[Saved entries]
- - -

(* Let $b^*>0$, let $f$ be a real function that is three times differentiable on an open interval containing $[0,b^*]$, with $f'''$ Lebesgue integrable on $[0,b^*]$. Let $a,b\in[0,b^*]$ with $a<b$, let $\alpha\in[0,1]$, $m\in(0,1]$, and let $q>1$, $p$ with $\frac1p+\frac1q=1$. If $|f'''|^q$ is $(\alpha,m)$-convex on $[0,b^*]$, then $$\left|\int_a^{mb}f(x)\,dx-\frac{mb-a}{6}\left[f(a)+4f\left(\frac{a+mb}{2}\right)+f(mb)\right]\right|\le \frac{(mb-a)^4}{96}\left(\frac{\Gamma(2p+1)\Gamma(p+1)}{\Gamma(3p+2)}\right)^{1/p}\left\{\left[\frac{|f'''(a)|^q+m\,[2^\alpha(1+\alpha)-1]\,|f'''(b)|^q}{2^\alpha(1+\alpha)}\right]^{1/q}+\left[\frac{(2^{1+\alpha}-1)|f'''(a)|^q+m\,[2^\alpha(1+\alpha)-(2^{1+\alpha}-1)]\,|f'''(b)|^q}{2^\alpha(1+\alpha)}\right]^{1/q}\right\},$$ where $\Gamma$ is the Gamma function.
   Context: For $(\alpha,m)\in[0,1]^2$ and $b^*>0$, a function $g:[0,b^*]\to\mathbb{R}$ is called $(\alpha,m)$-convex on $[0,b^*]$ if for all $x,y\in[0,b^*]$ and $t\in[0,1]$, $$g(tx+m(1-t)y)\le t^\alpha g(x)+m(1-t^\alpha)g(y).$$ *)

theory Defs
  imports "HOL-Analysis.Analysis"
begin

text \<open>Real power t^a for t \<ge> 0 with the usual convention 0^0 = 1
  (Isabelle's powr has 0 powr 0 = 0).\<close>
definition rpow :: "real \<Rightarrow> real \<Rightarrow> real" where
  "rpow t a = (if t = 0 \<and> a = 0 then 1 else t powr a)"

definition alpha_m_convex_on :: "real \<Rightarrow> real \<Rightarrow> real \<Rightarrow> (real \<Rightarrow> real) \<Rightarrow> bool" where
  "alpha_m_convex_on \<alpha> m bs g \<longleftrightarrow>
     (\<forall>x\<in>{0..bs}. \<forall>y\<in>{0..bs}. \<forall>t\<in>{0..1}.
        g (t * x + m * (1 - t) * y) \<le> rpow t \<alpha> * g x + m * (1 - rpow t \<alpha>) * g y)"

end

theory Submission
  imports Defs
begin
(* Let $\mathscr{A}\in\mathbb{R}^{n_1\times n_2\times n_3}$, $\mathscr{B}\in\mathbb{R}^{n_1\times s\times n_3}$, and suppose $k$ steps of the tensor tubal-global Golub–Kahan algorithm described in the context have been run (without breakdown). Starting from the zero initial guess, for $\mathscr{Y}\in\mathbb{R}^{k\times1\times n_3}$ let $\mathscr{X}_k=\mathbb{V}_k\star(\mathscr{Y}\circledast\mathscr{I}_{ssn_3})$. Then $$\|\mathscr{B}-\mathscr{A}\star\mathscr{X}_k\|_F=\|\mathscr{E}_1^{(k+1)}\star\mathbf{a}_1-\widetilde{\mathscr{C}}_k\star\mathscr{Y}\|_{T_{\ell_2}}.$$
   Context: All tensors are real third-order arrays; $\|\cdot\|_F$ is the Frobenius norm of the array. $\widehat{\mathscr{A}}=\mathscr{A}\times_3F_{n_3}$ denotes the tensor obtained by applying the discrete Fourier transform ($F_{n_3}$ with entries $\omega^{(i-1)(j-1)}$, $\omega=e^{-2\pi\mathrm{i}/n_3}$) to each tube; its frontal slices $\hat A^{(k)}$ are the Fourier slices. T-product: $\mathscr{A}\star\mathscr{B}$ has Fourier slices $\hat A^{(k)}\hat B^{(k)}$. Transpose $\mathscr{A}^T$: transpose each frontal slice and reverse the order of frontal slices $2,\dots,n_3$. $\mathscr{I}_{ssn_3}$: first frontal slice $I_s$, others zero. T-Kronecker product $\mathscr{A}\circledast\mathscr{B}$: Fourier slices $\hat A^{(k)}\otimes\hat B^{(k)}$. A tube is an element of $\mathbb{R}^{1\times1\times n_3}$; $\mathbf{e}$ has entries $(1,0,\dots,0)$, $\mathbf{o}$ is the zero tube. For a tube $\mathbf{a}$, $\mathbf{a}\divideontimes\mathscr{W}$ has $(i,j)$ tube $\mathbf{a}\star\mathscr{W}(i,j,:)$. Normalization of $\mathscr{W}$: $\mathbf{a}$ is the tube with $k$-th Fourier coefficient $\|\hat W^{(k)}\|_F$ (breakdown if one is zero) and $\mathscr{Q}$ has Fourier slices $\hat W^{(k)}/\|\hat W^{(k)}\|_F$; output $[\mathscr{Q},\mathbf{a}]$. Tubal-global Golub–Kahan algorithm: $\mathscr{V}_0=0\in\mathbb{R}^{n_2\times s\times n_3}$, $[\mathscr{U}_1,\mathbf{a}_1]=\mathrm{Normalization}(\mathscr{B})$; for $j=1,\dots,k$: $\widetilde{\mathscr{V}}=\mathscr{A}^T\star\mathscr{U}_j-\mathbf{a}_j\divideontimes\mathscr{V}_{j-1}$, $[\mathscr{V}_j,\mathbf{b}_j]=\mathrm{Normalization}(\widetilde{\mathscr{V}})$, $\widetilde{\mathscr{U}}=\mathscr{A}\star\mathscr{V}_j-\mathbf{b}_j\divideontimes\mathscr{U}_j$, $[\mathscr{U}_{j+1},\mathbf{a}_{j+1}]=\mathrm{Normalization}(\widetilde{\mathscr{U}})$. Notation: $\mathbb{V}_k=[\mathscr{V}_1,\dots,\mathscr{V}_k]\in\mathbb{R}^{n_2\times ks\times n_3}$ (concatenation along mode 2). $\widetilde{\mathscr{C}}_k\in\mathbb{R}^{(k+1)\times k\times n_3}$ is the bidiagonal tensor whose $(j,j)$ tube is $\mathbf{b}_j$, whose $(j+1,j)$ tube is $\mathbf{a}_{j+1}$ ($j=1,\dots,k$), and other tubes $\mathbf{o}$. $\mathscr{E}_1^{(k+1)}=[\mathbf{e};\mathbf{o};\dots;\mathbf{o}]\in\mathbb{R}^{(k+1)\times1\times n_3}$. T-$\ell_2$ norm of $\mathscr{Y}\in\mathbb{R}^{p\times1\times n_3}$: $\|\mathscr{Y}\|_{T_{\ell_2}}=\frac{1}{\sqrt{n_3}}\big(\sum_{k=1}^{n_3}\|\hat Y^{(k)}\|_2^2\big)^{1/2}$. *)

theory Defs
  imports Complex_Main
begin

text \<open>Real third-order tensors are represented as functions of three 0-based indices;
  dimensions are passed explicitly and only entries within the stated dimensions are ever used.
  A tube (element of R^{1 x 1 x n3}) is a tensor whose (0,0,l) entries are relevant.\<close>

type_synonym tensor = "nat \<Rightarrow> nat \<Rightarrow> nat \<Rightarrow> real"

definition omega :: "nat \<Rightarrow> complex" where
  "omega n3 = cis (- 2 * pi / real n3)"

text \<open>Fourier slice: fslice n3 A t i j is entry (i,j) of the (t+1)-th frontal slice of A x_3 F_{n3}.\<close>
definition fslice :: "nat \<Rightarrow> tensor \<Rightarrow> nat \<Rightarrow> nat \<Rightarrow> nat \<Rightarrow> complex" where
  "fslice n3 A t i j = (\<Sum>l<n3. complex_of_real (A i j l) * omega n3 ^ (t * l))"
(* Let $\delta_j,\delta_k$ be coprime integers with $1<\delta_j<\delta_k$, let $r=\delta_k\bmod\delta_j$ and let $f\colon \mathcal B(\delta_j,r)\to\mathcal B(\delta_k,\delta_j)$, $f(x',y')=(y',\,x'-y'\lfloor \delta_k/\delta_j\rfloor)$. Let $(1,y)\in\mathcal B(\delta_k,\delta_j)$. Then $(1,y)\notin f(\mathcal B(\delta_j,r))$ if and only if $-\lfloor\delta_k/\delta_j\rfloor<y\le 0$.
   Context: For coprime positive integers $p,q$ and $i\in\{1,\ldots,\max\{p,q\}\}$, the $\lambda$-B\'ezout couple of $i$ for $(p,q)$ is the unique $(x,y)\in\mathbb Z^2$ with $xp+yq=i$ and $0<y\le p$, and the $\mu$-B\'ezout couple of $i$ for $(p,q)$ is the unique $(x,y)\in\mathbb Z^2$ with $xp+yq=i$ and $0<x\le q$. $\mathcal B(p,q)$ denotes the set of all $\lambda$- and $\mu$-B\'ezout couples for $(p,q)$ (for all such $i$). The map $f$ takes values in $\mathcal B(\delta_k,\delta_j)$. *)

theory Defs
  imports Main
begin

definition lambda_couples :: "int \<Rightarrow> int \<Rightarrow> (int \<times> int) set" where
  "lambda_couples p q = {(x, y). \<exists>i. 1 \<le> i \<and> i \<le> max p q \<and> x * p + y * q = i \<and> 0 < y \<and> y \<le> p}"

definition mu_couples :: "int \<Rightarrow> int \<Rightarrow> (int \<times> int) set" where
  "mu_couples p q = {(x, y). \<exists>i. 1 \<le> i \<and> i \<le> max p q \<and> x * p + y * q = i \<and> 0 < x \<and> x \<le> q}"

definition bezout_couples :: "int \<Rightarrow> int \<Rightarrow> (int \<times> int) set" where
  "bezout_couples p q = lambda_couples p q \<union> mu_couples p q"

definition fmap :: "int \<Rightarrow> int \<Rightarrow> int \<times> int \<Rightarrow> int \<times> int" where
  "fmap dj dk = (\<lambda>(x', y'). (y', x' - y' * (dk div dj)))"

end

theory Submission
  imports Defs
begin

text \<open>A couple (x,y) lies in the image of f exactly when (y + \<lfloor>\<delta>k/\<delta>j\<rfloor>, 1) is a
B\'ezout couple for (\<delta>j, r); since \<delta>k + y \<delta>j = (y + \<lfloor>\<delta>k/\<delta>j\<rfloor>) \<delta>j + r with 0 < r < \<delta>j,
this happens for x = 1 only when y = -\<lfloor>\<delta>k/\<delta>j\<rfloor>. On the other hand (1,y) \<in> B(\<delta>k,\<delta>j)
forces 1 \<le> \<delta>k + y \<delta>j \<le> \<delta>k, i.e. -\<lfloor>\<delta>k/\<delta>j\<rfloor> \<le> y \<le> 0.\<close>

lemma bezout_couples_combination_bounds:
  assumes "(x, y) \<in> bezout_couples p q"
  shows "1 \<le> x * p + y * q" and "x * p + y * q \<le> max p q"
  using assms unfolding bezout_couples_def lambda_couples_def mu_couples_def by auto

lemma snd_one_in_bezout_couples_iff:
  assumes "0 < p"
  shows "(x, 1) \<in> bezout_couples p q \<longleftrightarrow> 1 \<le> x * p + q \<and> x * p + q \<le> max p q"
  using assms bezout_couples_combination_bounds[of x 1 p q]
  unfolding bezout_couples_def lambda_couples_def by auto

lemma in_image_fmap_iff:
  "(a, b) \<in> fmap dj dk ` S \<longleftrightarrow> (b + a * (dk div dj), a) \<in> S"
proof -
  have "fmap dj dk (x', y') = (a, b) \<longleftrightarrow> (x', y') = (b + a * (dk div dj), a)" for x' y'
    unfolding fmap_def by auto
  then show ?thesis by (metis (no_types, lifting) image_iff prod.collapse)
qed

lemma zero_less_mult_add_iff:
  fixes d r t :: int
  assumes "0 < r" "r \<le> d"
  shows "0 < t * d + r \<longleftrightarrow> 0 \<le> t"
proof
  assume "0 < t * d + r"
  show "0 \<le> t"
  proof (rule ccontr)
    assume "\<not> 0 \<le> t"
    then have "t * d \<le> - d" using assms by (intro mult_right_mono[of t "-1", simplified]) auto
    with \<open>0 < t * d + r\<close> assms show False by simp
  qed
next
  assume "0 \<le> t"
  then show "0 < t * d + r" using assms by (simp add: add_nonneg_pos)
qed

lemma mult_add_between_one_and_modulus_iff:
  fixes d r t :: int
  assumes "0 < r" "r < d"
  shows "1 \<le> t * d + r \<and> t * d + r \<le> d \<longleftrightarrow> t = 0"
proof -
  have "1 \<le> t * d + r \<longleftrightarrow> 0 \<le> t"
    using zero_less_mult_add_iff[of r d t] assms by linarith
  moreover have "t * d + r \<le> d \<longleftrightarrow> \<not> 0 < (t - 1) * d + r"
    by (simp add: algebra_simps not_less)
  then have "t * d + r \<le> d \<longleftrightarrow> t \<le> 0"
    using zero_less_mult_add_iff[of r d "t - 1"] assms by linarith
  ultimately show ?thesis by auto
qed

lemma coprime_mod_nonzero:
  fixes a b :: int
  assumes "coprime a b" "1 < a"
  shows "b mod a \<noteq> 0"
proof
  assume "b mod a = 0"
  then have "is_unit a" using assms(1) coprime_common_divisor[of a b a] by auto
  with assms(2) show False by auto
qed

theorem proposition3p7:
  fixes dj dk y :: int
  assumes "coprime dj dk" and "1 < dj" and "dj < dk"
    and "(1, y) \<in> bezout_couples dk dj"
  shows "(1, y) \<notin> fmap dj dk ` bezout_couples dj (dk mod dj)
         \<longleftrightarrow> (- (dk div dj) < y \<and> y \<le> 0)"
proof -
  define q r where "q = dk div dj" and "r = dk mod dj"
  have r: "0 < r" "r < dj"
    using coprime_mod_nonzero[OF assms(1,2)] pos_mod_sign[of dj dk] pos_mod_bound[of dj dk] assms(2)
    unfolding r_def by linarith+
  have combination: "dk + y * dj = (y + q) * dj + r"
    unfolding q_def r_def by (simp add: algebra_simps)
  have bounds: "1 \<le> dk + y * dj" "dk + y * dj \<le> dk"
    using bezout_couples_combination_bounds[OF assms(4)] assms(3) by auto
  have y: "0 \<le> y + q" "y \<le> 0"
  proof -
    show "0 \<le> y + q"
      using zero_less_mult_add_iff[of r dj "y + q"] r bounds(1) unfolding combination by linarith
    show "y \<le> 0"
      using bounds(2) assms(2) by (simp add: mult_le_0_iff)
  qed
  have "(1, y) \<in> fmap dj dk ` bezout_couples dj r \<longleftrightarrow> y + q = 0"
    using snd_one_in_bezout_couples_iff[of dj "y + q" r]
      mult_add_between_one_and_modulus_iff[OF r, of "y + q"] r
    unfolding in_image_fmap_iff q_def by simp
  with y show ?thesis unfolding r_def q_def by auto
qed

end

- - -

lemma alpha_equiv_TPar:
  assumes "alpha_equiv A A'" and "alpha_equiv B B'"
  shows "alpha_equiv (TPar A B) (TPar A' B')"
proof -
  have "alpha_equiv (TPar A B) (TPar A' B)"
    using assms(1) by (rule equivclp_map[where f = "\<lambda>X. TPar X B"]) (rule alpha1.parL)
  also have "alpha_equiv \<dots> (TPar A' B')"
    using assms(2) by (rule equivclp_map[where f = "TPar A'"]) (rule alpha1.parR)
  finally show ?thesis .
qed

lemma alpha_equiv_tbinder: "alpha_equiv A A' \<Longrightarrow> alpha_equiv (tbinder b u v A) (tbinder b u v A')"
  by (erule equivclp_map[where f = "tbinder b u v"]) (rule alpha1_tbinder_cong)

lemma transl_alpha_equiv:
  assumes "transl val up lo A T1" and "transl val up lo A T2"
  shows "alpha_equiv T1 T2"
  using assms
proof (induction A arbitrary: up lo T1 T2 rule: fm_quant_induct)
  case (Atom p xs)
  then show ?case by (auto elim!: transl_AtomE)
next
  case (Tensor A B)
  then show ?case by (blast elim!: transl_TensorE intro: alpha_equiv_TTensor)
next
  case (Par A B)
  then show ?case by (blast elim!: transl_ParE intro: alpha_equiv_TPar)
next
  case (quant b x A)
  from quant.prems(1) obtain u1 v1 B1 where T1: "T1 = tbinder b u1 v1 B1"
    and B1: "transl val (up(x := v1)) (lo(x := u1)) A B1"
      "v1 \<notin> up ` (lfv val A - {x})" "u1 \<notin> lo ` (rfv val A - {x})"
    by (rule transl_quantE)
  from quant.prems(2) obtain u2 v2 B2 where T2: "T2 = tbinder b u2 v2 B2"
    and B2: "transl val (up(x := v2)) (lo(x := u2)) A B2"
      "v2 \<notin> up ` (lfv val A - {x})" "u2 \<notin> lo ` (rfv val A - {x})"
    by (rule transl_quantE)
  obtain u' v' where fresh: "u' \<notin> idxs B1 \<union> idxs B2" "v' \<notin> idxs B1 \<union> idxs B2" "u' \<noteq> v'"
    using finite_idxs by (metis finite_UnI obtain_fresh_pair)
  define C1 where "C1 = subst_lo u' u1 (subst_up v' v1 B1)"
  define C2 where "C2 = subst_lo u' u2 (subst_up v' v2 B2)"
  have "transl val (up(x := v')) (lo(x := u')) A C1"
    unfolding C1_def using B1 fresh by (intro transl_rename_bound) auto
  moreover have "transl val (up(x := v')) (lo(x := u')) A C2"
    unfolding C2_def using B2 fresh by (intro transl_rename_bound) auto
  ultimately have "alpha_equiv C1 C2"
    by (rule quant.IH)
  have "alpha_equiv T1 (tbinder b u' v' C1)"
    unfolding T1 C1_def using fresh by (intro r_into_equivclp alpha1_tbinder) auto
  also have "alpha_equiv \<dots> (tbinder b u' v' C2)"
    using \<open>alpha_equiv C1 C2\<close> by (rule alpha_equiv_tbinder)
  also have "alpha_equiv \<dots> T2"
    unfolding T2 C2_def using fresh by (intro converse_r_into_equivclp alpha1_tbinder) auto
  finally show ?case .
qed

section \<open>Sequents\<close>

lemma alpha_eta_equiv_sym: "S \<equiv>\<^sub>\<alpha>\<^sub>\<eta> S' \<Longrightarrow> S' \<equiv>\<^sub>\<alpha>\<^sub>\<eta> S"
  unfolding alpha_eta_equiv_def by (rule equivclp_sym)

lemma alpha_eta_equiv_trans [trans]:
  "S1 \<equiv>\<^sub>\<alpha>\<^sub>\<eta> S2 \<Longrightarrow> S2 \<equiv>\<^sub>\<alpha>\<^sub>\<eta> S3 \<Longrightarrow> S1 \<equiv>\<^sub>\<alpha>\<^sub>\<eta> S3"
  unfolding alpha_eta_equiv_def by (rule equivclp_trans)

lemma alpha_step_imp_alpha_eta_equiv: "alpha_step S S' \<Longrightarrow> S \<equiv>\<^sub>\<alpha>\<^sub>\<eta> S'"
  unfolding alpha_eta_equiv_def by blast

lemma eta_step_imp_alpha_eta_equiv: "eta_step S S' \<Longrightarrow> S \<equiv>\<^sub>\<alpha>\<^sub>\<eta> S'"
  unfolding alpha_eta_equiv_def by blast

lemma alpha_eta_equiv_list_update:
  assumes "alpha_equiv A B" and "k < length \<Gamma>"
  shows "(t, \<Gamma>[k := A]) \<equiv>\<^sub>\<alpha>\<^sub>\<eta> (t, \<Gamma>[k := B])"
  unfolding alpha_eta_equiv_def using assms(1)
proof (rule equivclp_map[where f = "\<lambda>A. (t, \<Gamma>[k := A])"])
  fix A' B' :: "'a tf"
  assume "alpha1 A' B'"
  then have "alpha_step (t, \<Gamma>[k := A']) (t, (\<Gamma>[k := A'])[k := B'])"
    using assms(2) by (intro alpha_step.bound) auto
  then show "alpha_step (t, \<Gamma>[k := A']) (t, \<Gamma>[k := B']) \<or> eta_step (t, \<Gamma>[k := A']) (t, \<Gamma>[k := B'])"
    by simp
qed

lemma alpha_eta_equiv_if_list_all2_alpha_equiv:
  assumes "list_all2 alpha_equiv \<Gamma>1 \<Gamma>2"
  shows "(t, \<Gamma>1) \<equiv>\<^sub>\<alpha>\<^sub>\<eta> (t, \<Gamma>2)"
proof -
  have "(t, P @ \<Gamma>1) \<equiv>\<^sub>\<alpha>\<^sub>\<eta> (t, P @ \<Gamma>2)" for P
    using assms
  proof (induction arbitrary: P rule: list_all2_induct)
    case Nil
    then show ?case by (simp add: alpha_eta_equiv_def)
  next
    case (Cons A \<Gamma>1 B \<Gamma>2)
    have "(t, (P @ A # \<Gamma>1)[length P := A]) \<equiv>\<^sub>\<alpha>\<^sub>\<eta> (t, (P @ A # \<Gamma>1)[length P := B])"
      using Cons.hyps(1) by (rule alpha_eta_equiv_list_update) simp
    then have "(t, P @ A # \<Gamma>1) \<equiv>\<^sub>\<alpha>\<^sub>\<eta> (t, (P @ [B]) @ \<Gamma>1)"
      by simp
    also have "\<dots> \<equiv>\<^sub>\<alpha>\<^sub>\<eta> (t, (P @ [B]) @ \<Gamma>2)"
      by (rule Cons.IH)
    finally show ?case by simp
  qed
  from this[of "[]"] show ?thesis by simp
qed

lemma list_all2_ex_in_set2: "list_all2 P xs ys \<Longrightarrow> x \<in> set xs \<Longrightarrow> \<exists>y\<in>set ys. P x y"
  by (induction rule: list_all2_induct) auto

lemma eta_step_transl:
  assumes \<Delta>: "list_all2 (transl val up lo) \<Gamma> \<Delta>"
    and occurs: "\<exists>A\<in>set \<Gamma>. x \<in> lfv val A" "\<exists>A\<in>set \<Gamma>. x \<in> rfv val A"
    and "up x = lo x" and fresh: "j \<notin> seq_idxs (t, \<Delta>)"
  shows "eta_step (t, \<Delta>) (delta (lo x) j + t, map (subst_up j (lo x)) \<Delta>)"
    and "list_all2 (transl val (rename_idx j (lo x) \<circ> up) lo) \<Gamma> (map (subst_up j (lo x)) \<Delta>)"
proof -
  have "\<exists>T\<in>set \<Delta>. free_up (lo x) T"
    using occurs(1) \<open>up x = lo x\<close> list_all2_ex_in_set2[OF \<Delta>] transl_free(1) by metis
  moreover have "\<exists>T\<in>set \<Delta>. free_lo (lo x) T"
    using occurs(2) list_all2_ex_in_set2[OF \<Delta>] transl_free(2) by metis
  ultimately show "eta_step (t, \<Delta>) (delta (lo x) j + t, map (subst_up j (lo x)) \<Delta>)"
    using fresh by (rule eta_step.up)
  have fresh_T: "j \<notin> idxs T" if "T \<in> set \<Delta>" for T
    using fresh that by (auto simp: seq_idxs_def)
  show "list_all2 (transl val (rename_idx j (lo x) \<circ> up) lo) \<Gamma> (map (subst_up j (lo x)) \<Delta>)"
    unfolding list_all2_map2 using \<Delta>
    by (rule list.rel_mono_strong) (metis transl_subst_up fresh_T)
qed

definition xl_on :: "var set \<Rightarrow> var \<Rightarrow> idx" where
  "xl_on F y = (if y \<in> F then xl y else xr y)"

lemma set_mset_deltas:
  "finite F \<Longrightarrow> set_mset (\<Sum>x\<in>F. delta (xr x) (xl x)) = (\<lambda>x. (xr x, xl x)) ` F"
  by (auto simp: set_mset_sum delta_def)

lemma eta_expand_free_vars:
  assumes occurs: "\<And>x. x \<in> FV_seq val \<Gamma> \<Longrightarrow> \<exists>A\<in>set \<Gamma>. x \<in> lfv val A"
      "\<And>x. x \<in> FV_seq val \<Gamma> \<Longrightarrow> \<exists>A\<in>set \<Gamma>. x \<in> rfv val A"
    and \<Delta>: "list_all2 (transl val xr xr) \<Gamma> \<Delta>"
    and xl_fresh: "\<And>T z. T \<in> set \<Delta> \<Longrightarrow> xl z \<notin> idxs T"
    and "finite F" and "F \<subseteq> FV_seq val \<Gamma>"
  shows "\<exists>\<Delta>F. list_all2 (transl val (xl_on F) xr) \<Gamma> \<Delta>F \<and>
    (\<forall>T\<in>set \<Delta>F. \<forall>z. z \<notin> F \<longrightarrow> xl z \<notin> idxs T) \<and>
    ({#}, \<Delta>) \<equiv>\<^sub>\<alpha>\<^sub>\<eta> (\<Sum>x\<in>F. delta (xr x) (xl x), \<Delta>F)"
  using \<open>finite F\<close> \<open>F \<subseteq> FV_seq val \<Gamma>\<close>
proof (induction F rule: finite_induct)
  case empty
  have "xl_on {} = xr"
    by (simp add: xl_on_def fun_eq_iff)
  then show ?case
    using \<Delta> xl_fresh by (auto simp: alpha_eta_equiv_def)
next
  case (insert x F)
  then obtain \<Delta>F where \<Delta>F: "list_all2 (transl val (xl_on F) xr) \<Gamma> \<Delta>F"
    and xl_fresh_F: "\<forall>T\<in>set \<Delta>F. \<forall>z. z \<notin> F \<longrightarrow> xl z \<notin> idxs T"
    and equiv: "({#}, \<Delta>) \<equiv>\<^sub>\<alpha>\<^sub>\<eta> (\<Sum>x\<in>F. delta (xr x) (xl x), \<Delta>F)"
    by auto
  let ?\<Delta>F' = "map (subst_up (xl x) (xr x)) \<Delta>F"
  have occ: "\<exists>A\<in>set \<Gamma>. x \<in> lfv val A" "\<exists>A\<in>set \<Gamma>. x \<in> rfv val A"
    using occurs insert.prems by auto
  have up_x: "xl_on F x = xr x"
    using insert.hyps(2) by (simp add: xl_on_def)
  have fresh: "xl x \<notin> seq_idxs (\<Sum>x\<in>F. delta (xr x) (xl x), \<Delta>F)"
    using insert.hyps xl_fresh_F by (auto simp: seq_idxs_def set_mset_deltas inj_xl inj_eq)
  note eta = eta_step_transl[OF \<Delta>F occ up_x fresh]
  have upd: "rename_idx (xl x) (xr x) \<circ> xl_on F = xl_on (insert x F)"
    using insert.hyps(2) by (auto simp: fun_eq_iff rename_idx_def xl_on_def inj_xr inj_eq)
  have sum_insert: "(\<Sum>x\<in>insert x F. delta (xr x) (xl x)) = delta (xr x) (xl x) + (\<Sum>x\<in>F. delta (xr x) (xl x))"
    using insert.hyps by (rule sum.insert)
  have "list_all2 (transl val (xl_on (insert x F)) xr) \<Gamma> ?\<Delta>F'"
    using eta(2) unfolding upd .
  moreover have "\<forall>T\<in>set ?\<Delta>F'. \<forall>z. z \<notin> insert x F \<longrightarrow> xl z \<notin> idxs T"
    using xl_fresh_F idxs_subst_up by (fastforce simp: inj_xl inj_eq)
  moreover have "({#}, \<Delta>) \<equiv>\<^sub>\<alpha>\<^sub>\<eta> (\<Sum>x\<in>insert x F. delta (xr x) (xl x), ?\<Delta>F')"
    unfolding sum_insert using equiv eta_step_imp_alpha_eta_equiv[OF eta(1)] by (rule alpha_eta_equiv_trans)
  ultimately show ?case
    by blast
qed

- - -

TASK PROMPT: When the line with "proof (induction arbitrary: P" is reached in the data above, start copying there, and copy each line exactly until the line with "P := A]) \<equiv>\<^sub>\<alpha>\<^sub>\<eta>" has been copied; copy nothing else.

ANSWER SPACE:
  proof (induction arbitrary: P rule: list_all2_induct)
    case Nil
    then show ?case by (simp add: alpha_eta_equiv_def)
  next
    case (Cons A \<Gamma>1 B \<Gamma>2)
    have "(t, (P @ A # \<Gamma>1)[length P := A]) \<equiv>\<^sub>\<alpha>\<^sub>\<eta> (t, (P @ A # \<Gamma>1)[length P := B])"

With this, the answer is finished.